= Amina al-Ruhaif =

Yemeni woman

Amina al-Ruhaif (also known as Amina Ali Abulatif al Tuhaif) is a Yemeni woman who was sentenced to death at age 14 for killing her husband, Hezn Hasam Qabail. al-Ruhalf's death sentence was later revoked due to international outcry, and she was instead imprisoned for 9 years. al-Ruhaif was arrested in 1998 and a government-appointed doctor established that at the time of the crime she was between 14 and 15. She has continually maintained her innocence.

== Early life ==
al-Ruhaif was married as a child to Hezn Hasam Qabail (when she was eleven). She was raised in a rural area in Yemen and she did not attend school.

== Murder ==

=== Other suspects ===
al-Ruhaif claims that her husband's cousin strangled Hezn Hasam Qabail to death. At the time, the two were having a land dispute. This cousin is also on death-row for the same murder.

Critiques of al-Ruhaif's trial also argue that the force required to strangle a full grown man, and then drag his body to the cistern to make it look as if he had drowned, would have taken substantial strength beyond that of a child. al-Ruhaif has also stated she was tortured into confessing.

=== Death sentence ===
al-Ruhaif did not have proper legal representation, and was scheduled for execution in 2002 (when she would be old enough to be hanged under Yemen's laws).

This sparked controversy because of her age. In Yemen, children can only receive the death sentence if they are at least 15 years old at the time of the murder (and the medical doctor was unsure of her exact age). al-Ruhaif did not have any documents proving her age and the government thus went forth with prosecuting her as an adult despite the doctor's findings. Yemen has also signed the UN Child Rights Convention, which states that children cannot receive capital punishment (meaning only 18 year olds can get the death sentence).

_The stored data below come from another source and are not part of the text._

(* Let $\sigma$ be a fixed permutation of $[k]$. The probability that a uniformly random involution of $[n]$ contains $\sigma$ as a subsequence is $1/k!+o(1)$ as $n\to\infty$.
   Context: $[n]=\{1,\dots,n\}$. An involution of $[n]$ is a permutation $\phi$ with $\phi^2$ the identity. A permutation $\phi$ of $[n]$ ($n\ge k$) contains the permutation $\sigma$ of $[k]$ as a subsequence if, in the word $\phi(1)\phi(2)\cdots\phi(n)$, the letters $1,\dots,k$ appear in the order $\sigma(1),\sigma(2),\dots,\sigma(k)$. *)

theory Defs
  imports Complex_Main "HOL-Combinatorics.Permutations"
begin

definition involutions :: "nat \<Rightarrow> (nat \<Rightarrow> nat) set" where
  "involutions n = {\<phi>. \<phi> permutes {1..n} \<and> \<phi> \<circ> \<phi> = id}"

definition contains_subseq :: "nat \<Rightarrow> (nat \<Rightarrow> nat) \<Rightarrow> nat \<Rightarrow> (nat \<Rightarrow> nat) \<Rightarrow> bool" where
  "contains_subseq n \<phi> k \<sigma> \<longleftrightarrow>
     (\<exists>p :: nat \<Rightarrow> nat. (\<forall>i\<in>{1..k}. p i \<in> {1..n} \<and> \<phi> (p i) = \<sigma> i) \<and>
                        (\<forall>i\<in>{1..<k}. p i < p (Suc i)))"

end

theory Submission
  imports Defs "HOL-Real_Asymp.Real_Asymp"
begin

(* In the word of an involution f the letter \<sigma> i stands at position f (\<sigma> i), so f contains \<sigma>
   exactly when f (\<sigma> 1) < ... < f (\<sigma> k).  Call f spread if it maps [k] into the complement
   of [k].  Conjugation by a permutation a of [k] preserves spreadness, and for spread f it
   satisfies (a f a\<^sup>-\<^sup>1) (a i) = f i on [k]; so it carries the spread involutions whose values
   increase along \<rho> onto those whose values increase along a \<circ> \<rho>.  Hence the k! order classes
   of spread involutions are equinumerous, and those containing \<sigma> form one of them.  A
   non-spread involution has f i = j for some i, j \<le> k, so there are at most
   k^2 (I(n-1) + I(n-2)) of them, I(n) being the number of involutions of [n]; the recurrence
   I(n+1) = I(n) + n I(n-1) gives I(n+1)/I(n) \<ge> sqrt(n+1), so this is o(I(n)). *)

abbreviation involution_count :: "nat \<Rightarrow> nat" where
  "involution_count n \<equiv> card (involutions n)"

==== Rape and pregnancy ====
al Tuhaif was raped by a prison guard while at al-Mahaweet prison and subsequently became pregnant. The pregnancy resulted in Yemen being unable to carry out the death sentence because Yemeni law states a mother cannot be executed until the child is two (when they are no longer breastfeeding).

==== Stay of execution ====
A stay of execution was granted until 2005, due to the pregnancy.

==== Demand for new trial ====
Various celebrities, non-profits and international organizations demanded a new trial for al-Ruhaif. From Lilli Gruber, Emma Bonino, to Amnesty international.

==== Blood money paid ====
After the controversy, Yemen officials used the Sharia Law alternative to the death penalty, which is to pay the victim's family "blood money." The payment is considered an acceptable alternative to execution. Dr Attard Montalto offered to pay the sum, however, the relatives already refused an offer of blood money arguing that accepting money for the woman's release would imply they were accepting that a family member of theirs had committed the murder without al-Ruhaif's involvement.

==== Released for time served ====
Due to the controversy and her age, al-Ruhaif was released after she served the maximum youth sentence of 10 years.

== Film ==
Filmmaker Khadija Al-Salami, created the documentary is Amina (2006), which was screened during the Arab Film Festival in October in the San Francisco Bay Area. Khadija Al-Salami appealed directly to the president of Yemen, Ali Abdullah Saleh, to overturn al-Ruhaif's conviction.